I have the same issue, when I am training an BERT + Bi-LSTM + CRF network for named entity recognition of chinese_people_daily. how could I slove it? some logs as follows

20800/20864 [============================>.] - ETA: 0s - loss: -0.6666 - crf_accuracy: 0.9548 20816/20864 [============================>.] - ETA: 0s - loss: -0.6667 - crf_accuracy: 0.9548 20832/20864 [============================>.] - ETA: 0s - loss: -0.6667 - crf_accuracy: 0.9548 20848/20864 [============================>.] - ETA: 0s - loss: -0.6667 - crf_accuracy: 0.9548 20864/20864 [==============================] - 107s 5ms/step - loss: -0.6667 - crf_accuracy: 0.9548 - val_loss: -0.6612 - val_crf_accuracy: 0.9498

touhi99 commented 5 years ago

I am experiencing same issue for CRF layer

touhi99 commented 5 years ago

By the way, even if you don’t need masking, I have found that adding a dummy mask layer after the input layer fixes this issue...

@lzfelix How do I do that?

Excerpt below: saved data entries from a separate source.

lemma prepend_normal_Cons_Cons:
  assumes t: "t \<noteq> 0" and "normal (a # b # w)"
  shows "(\<exists>r'. normal r' \<and> length r' = length w + 3 \<and> reduces_to t (l # a # b # w) r') \<or>
    mono (l # a # b # w) \<in> nc.span (swap_relations t)"
proof -
  let ?r = "a # b # w"
  have normal_thesis: "normal (l # ?r) \<Longrightarrow> ?thesis"
    by (intro disjI1 exI[of _ "l # ?r"]) (simp add: reduces_to_refl)
  have "a \<noteq> b"
    using assms(2) normal_hd_neq by blast
  consider "l = a" | "l = b" | "l \<noteq> a" "l \<noteq> b" "alternating ?r" "rank l < rank b"
    | "l \<noteq> a" "l \<noteq> b" "alternating ?r" "rank b < rank l" | "l \<noteq> a" "l \<noteq> b" "\<not> alternating ?r"
    by (metis linorder_neqE_nat rank_eq_iff)
  then show ?thesis
  proof cases
    case 1
    then show ?thesis
      using square_in_span[of "[]" a "b # w" t] by simp
  next
    case 2
    then show ?thesis
      using assms(2) by (intro normal_thesis) simp
  next
    case 3
    then show ?thesis
      using assms(2) by (intro normal_thesis) simp
  next
    case 4
    then show ?thesis
      using prepend_alternating[OF t \<open>a \<noteq> b\<close>, of l "length w + 2"] alternating_eq_alt_word
      by auto
  next
    case 5
    then show ?thesis
      using prepend_not_alternating[OF t assms(2)] by blast
  qed
qed
(* Under BIC, a * (q(a) - q(b)) >= 0 for all a, b in the support forces each agent's interim
   probability q of the reform to be constant on positive and on negative values. Integrating
   against these constants, only the conditional means given the sign enter the welfare:
   E[f(v) v_i] = E[f(v) (U^+ [v_i > 0] - U^- [v_i < 0])], so W(f) = E[f(v) h(v)] with
   h(v) = |chi(v)| (U^+ + U^-) - n U^-. As 0 <= f <= 1, this is maximised pointwise by choosing
   the reform exactly when h(v) > 0, i.e. when |chi(v)| >= kbar; that is the qualified majority
   rule, which is itself BIC, anonymous and ordinal. *)

lemma integrable_mult_unit_interval:
  fixes f g :: "'a \<Rightarrow> real"
  assumes g: "integrable M g" and f: "f \<in> borel_measurable M"
    and bounds: "AE x in M. 0 \<le> f x \<and> f x \<le> 1"
  shows "integrable M (\<lambda>x. f x * g x)"
proof (rule Bochner_Integration.integrable_bound[OF g])
  show "(\<lambda>x. f x * g x) \<in> borel_measurable M" using f g by measurable
  show "AE x in M. norm (f x * g x) \<le> norm (g x)"
    using bounds by eventually_elim (simp add: abs_mult mult_left_le_one_le)
qed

I am new to this thing. Currently this is my code.

def lstm_model():
  input_text = Input(shape=(None, ), dtype="string", name='input_layer')
  embedding = Lambda(get_elmo, name='elmo_embedding')(input_text)
  x = Bidirectional(LSTM(units=100, return_sequences=True, recurrent_dropout=0.5, dropout=0.5), name='bilstm1')(embedding)
  x = Bidirectional(LSTM(units=100, return_sequences=True, recurrent_dropout=0.5, dropout=0.5), name='bilstm2')(x)
  x = TimeDistributed(Dense(50, activation="relu"))(x)
  crf = CRF(no_of_tags, sparse_target=True)
  out = crf(x)
  model = Model(input_text, out)
  return model, crf
model, crf = lstm_model()
model.compile(optimizer='rmsprop', loss=crf.loss_function, metrics=[crf.accuracy])
model.fit(np.array(train_x), train_y, validation_data=(np.array(valid_x), valid_y), shuffle=True, batch_size=batch_size, epochs=1, verbose=1, callbacks=[checkpoint])

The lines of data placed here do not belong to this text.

lemma expectation_Max_le_of_mgf:
  fixes Z :: "'i \<Rightarrow> 'a \<Rightarrow> real"
  assumes fin: "finite J" and ne: "J \<noteq> {}"
    and meas: "\<And>j. j \<in> J \<Longrightarrow> Z j \<in> borel_measurable M"
    and bnd: "\<And>j \<omega>. j \<in> J \<Longrightarrow> \<omega> \<in> space M \<Longrightarrow> \<bar>Z j \<omega>\<bar> \<le> K"
    and l: "l > 0"
    and mgf: "\<And>j. j \<in> J \<Longrightarrow> (\<integral>\<omega>. exp (l * Z j \<omega>) \<partial>M) \<le> exp (l\<^sup>2 * A)"
  shows "l * (\<integral>\<omega>. Max ((\<lambda>j. Z j \<omega>) ` J) \<partial>M) \<le> ln (card J) + l\<^sup>2 * A"
proof -
  define c where "c = ln (card J) + l\<^sup>2 * A"
  define m where "m = (\<lambda>\<omega>. Max ((\<lambda>j. Z j \<omega>) ` J))"
  have card_pos: "card J > 0" using fin ne by (simp add: card_gt_0_iff)
  have exp_c: "exp c = card J * exp (l\<^sup>2 * A)"
    using card_pos by (simp add: c_def exp_add)
  have m_attained: "\<exists>j\<in>J. m \<omega> = Z j \<omega>" for \<omega>
  proof -
    have "m \<omega> \<in> (\<lambda>j. Z j \<omega>) ` J" unfolding m_def using fin ne by (intro Max_in) auto
    then show ?thesis by (metis imageE)
  qed
  have int_m: "integrable M m"
  proof (rule integrable_const_bound[where B=K])
    show "AE \<omega> in M. norm (m \<omega>) \<le> K" using m_attained bnd by (intro AE_I2) (metis real_norm_def)
    show "m \<in> borel_measurable M" unfolding m_def using fin meas by (intro borel_measurable_Max) auto
  qed
  have int_exp: "integrable M (\<lambda>\<omega>. exp (l * Z j \<omega>))" if j: "j \<in> J" for j
  proof (rule integrable_const_bound[where B="exp (l * K)"])
    show "AE x in M. norm (exp (l * Z j x)) \<le> exp (l * K)"
      using bnd[OF j] l by (intro AE_I2) (auto intro!: mult_left_mono simp: abs_le_iff)
  qed (use meas[OF j] in measurable)
  \<comment> \<open>\<open>t \<le> e\<^sup>t - 1\<close> at \<open>t = l m - c\<close>, then the maximum of the exponentials is bounded by their sum.\<close>
  have pointwise: "l * m \<omega> - c \<le> (\<Sum>j\<in>J. exp (l * Z j \<omega>)) / exp c - 1" for \<omega>
  proof -
    obtain j0 where j0: "j0 \<in> J" "m \<omega> = Z j0 \<omega>" using m_attained by blast
    have "l * m \<omega> - c \<le> exp (l * m \<omega> - c) - 1"
      using exp_ge_add_one_self[of "l * m \<omega> - c"] by linarith
    also have "exp (l * m \<omega> - c) = exp (l * Z j0 \<omega>) / exp c" using j0 by (simp add: exp_diff)
    also have "\<dots> \<le> (\<Sum>j\<in>J. exp (l * Z j \<omega>)) / exp c"
      using j0 fin by (intro divide_right_mono member_le_sum) auto
    finally show ?thesis by simp
  qed
  have "l * (\<integral>\<omega>. m \<omega> \<partial>M) - c = (\<integral>\<omega>. l * m \<omega> - c \<partial>M)"
    using int_m by (simp add: prob_space)
  also have "\<dots> \<le> (\<integral>\<omega>. (\<Sum>j\<in>J. exp (l * Z j \<omega>)) / exp c - 1 \<partial>M)"
    using int_m int_exp pointwise by (intro integral_mono) auto
  also have "\<dots> = (\<Sum>j\<in>J. (\<integral>\<omega>. exp (l * Z j \<omega>) \<partial>M)) / exp c - 1"
    using int_exp by (simp add: prob_space)
  also have "\<dots> \<le> (\<Sum>j\<in>J. exp (l\<^sup>2 * A)) / exp c - 1"
    using mgf by (intro diff_right_mono divide_right_mono sum_mono) auto
  also have "\<dots> = 0" using exp_c card_pos by simp
  finally show ?thesis unfolding m_def c_def by simp
qed

lemma expectation_Max_le_sqrt_ln_card:
  fixes Z :: "'i \<Rightarrow> 'a \<Rightarrow> real"
  assumes fin: "finite J" and ne: "J \<noteq> {}"
    and meas: "\<And>j. j \<in> J \<Longrightarrow> Z j \<in> borel_measurable M"
    and bnd: "\<And>j \<omega>. j \<in> J \<Longrightarrow> \<omega> \<in> space M \<Longrightarrow> \<bar>Z j \<omega>\<bar> \<le> K"
    and A: "A > 0" and \<Lambda>: "\<Lambda> > 0"
    and range: "sqrt (ln (card J) / A) \<le> \<Lambda>"
    and mgf: "\<And>l j. 0 < l \<Longrightarrow> l \<le> \<Lambda> \<Longrightarrow> j \<in> J \<Longrightarrow>
                (\<integral>\<omega>. exp (l * Z j \<omega>) \<partial>M) \<le> exp (l\<^sup>2 * A)"
  shows "(\<integral>\<omega>. Max ((\<lambda>j. Z j \<omega>) ` J) \<partial>M) \<le> 2 * sqrt (ln (card J) * A)"
proof -
  define L where "L = ln (real (card J))"
  define E where "E = (\<integral>\<omega>. Max ((\<lambda>j. Z j \<omega>) ` J) \<partial>M)"
  have L_nonneg: "L \<ge> 0" unfolding L_def using fin ne by (simp add: Suc_le_eq card_gt_0_iff)
  have key: "l * E \<le> L + l\<^sup>2 * A" if "0 < l" "l \<le> \<Lambda>" for l
    unfolding E_def L_def using mgf that
    by (intro expectation_Max_le_of_mgf[OF fin ne meas bnd]) auto
  show ?thesis
  proof (cases "L = 0")
    case True
    have "E \<le> 0"
    proof (rule ccontr)
      assume "\<not> E \<le> 0"
      define l where "l = min \<Lambda> (E / (2 * A))"
      have l: "l > 0" using \<Lambda> \<open>\<not> E \<le> 0\<close> A by (simp add: l_def)
      have "l * E \<le> l * (l * A)" using key[OF l] True by (simp add: l_def power2_eq_square algebra_simps)
      then have "E \<le> l * A" using l by simp
      also have "l * A \<le> E / 2" using A by (simp add: l_def min_def field_simps)
      finally show False using \<open>\<not> E \<le> 0\<close> by simp
    qed
    then show ?thesis using True unfolding E_def L_def by simp
  next
    case False
    then have L: "L > 0" using L_nonneg by simp
    define l where "l = sqrt (L / A)"
    have l: "l > 0" and l_sq: "l\<^sup>2 * A = L" using L A by (simp_all add: l_def)
    have l_sqrt: "l * sqrt (L * A) = L"
      using L A by (simp add: l_def flip: real_sqrt_mult)
    have "l * E \<le> 2 * L" using key[OF l] range l_sq unfolding l_def L_def by simp
    also have "\<dots> = l * (2 * sqrt (L * A))" using l_sqrt by simp
    finally show ?thesis using l unfolding E_def L_def by simp
  qed
qed

lemma centred_mgf_le_hoeffding:
  fixes h :: "'a \<Rightarrow> real"
  assumes h: "h \<in> borel_measurable M" "\<And>z. z \<in> space M \<Longrightarrow> \<bar>h z\<bar> \<le> b"
    and w: "0 \<le> w" "w \<le> 1" and l: "l > 0"
  shows "(\<integral>\<^sup>+z. ennreal (exp (l * (w * (h z - (\<integral>z. h z \<partial>M))))) \<partial>M)
           \<le> ennreal (exp (l\<^sup>2 * w * b\<^sup>2 / 2))"
proof -
  interpret wh: interval_bounded_random_variable M "\<lambda>z. w * h z" "-(w * b)" "w * b"
  proof unfold_locales
    show "random_variable borel (\<lambda>z. w * h z)" using h(1) by measurable
    have "\<bar>w * h z\<bar> \<le> w * b" if "z \<in> space M" for z
      using h(2)[OF that] w by (simp add: abs_mult mult_left_mono)
    then show "AE z in M. w * h z \<in> {- (w * b)..w * b}" by (intro AE_I2) (auto simp: abs_le_iff minus_le_iff)
  qed
  have "(\<integral>\<^sup>+z. ennreal (exp (l * (w * (h z - (\<integral>z. h z \<partial>M))))) \<partial>M)
      = (\<integral>\<^sup>+z. ennreal (exp (l * (w * h z - expectation (\<lambda>z. w * h z)))) \<partial>M)"
    by (simp add: right_diff_distrib)
  also have "\<dots> \<le> ennreal (exp (l\<^sup>2 * (w * b - - (w * b))\<^sup>2 / 8))"
    by (rule wh.Hoeffdings_lemma_nn_integral[OF l])
  also have "\<dots> \<le> ennreal (exp (l\<^sup>2 * w * b\<^sup>2 / 2))"
  proof (intro ennreal_leI exp_mono)
    have "w\<^sup>2 \<le> w" using w by (simp add: power2_eq_square mult_left_le)
    then have "l\<^sup>2 * b\<^sup>2 * w\<^sup>2 / 2 \<le> l\<^sup>2 * b\<^sup>2 * w / 2" by (intro divide_right_mono mult_left_mono) auto
    then show "l\<^sup>2 * (w * b - - (w * b))\<^sup>2 / 8 \<le> l\<^sup>2 * w * b\<^sup>2 / 2"
      by (simp add: power2_eq_square algebra_simps)
  qed
  finally show ?thesis .
qed

text \<open>A Bernstein-type bound: for small \<open>l\<close> the second moment, not the range, controls the
  moment generating function. It is what makes the coarsest level of the chain cost only \<open>\<sigma>\<close>.\<close>

lemma centred_mgf_le_second_moment:
  fixes h :: "'a \<Rightarrow> real"
  assumes h: "h \<in> borel_measurable M" "\<And>z. z \<in> space M \<Longrightarrow> \<bar>h z\<bar> \<le> 1"
    and V: "(\<integral>z. (h z)\<^sup>2 \<partial>M) \<le> V"
    and w: "0 \<le> w" "w \<le> 1" and l: "0 < l" "l \<le> 1"
  shows "(\<integral>\<^sup>+z. ennreal (exp (l * (w * (h z - (\<integral>z. h z \<partial>M))))) \<partial>M) \<le> ennreal (exp (l\<^sup>2 * w * V))"
proof -
  define m where "m = (\<integral>z. h z \<partial>M)"
  have int_h: "integrable M h" using h by (intro integrable_const_bound[where B=1]) auto
  have int_h2: "integrable M (\<lambda>z. (h z)\<^sup>2)"
    using h by (intro integrable_const_bound[where B=1]) (auto simp: abs_square_le_1)
  have small: "\<bar>l * w * h z\<bar> \<le> 1" if "z \<in> space M" for z
  proof -
    have "\<bar>l * w * h z\<bar> = l * w * \<bar>h z\<bar>" using l w by (simp add: abs_mult)
    also have "\<dots> \<le> 1 * 1 * 1" using l w h(2)[OF that] by (intro mult_mono) auto
    finally show ?thesis by simp
  qed
  have int_exp: "integrable M (\<lambda>z. exp (l * w * h z))"
    using h small by (intro integrable_const_bound[where B="exp 1"]) (auto simp: abs_le_iff)
  have second_moment_nonneg: "0 \<le> (\<integral>z. (h z)\<^sup>2 \<partial>M)" by (simp add: integral_nonneg_AE)
  have "(\<integral>z. exp (l * w * h z) \<partial>M) \<le> (\<integral>z. 1 + l * w * h z + (l * w * h z)\<^sup>2 \<partial>M)"
  proof (rule integral_mono[OF int_exp])
    show "integrable M (\<lambda>z. 1 + l * w * h z + (l * w * h z)\<^sup>2)"
      using int_h int_h2 by (simp add: power_mult_distrib)
  qed (use small exp_le_one_plus_square in blast)
  also have "\<dots> = 1 + l * w * m + (l * w)\<^sup>2 * (\<integral>z. (h z)\<^sup>2 \<partial>M)"
    using int_h int_h2 by (simp add: m_def power_mult_distrib prob_space)
  also have "\<dots> \<le> 1 + l * w * m + l\<^sup>2 * w * V"
  proof -
    have "w\<^sup>2 \<le> w" using w by (simp add: power2_eq_square mult_left_le)
    then have "w\<^sup>2 * (\<integral>z. (h z)\<^sup>2 \<partial>M) \<le> w * V"
      using V second_moment_nonneg w by (intro mult_mono) auto
    then have "(l * w)\<^sup>2 * (\<integral>z. (h z)\<^sup>2 \<partial>M) \<le> l\<^sup>2 * w * V"
      using mult_left_mono[of _ _ "l\<^sup>2"] by (simp add: power_mult_distrib mult.assoc)
    then show ?thesis by simp
  qed
  also have "\<dots> \<le> exp (l * w * m + l\<^sup>2 * w * V)"
    using exp_ge_add_one_self[of "l * w * m + l\<^sup>2 * w * V"] by linarith
  finally have mgf: "(\<integral>z. exp (l * w * h z) \<partial>M) \<le> exp (l * w * m + l\<^sup>2 * w * V)" .
  have shift: "(\<lambda>z. exp (l * (w * (h z - m)))) = (\<lambda>z. exp (- (l * w * m)) * exp (l * w * h z))"
    by (simp add: algebra_simps fun_eq_iff flip: exp_add)
  have "(\<integral>\<^sup>+z. ennreal (exp (l * (w * (h z - m)))) \<partial>M) = ennreal (\<integral>z. exp (l * (w * (h z - m))) \<partial>M)"
    using int_exp by (intro nn_integral_eq_integral) (auto simp: shift)
  also have "(\<integral>z. exp (l * (w * (h z - m))) \<partial>M) = exp (- (l * w * m)) * (\<integral>z. exp (l * w * h z) \<partial>M)"
    unfolding shift by simp
  also have "\<dots> \<le> exp (- (l * w * m)) * exp (l * w * m + l\<^sup>2 * w * V)"
    using mgf by (rule mult_left_mono) simp
  also have "\<dots> = exp (l\<^sup>2 * w * V)" by (simp flip: exp_add)
  finally show ?thesis unfolding m_def by (simp add: ennreal_leI)
qed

Did you figure it out while using ELMo?

Risico305 commented 5 years ago

Any solutions for this? The research says that crf at the end for the sequence labelling task performs better than Softmax layer, however, in the case of Named Entity Recognition I have seen worst results with crf. And I also experience the - ve loss. Any solution for this? Did anybody found the solution?

deanhoperobertson commented 4 years ago

By the way, even if you don’t need masking, I have found that adding a dummy mask layer after the input layer fixes this issue...

@lzfelix How do I do that? I am new to this thing. Currently this is my code.

def lstm_model():
  input_text = Input(shape=(None, ), dtype="string", name='input_layer')
  embedding = Lambda(get_elmo, name='elmo_embedding')(input_text)
  x = Bidirectional(LSTM(units=100, return_sequences=True, recurrent_dropout=0.5, dropout=0.5), name='bilstm1')(embedding)
  x = Bidirectional(LSTM(units=100, return_sequences=True, recurrent_dropout=0.5, dropout=0.5), name='bilstm2')(x)
  x = TimeDistributed(Dense(50, activation="relu"))(x)
  crf = CRF(no_of_tags, sparse_target=True)
  out = crf(x)
  model = Model(input_text, out)
  return model, crf
model, crf = lstm_model()
model.compile(optimizer='rmsprop', loss=crf.loss_function, metrics=[crf.accuracy])
model.fit(np.array(train_x), train_y, validation_data=(np.array(valid_x), valid_y), shuffle=True, batch_size=batch_size, epochs=1, verbose=1, callbacks=[checkpoint])

@EvilPort2 you should only use sparse_target=True if your labels are NOT one-hot encoded.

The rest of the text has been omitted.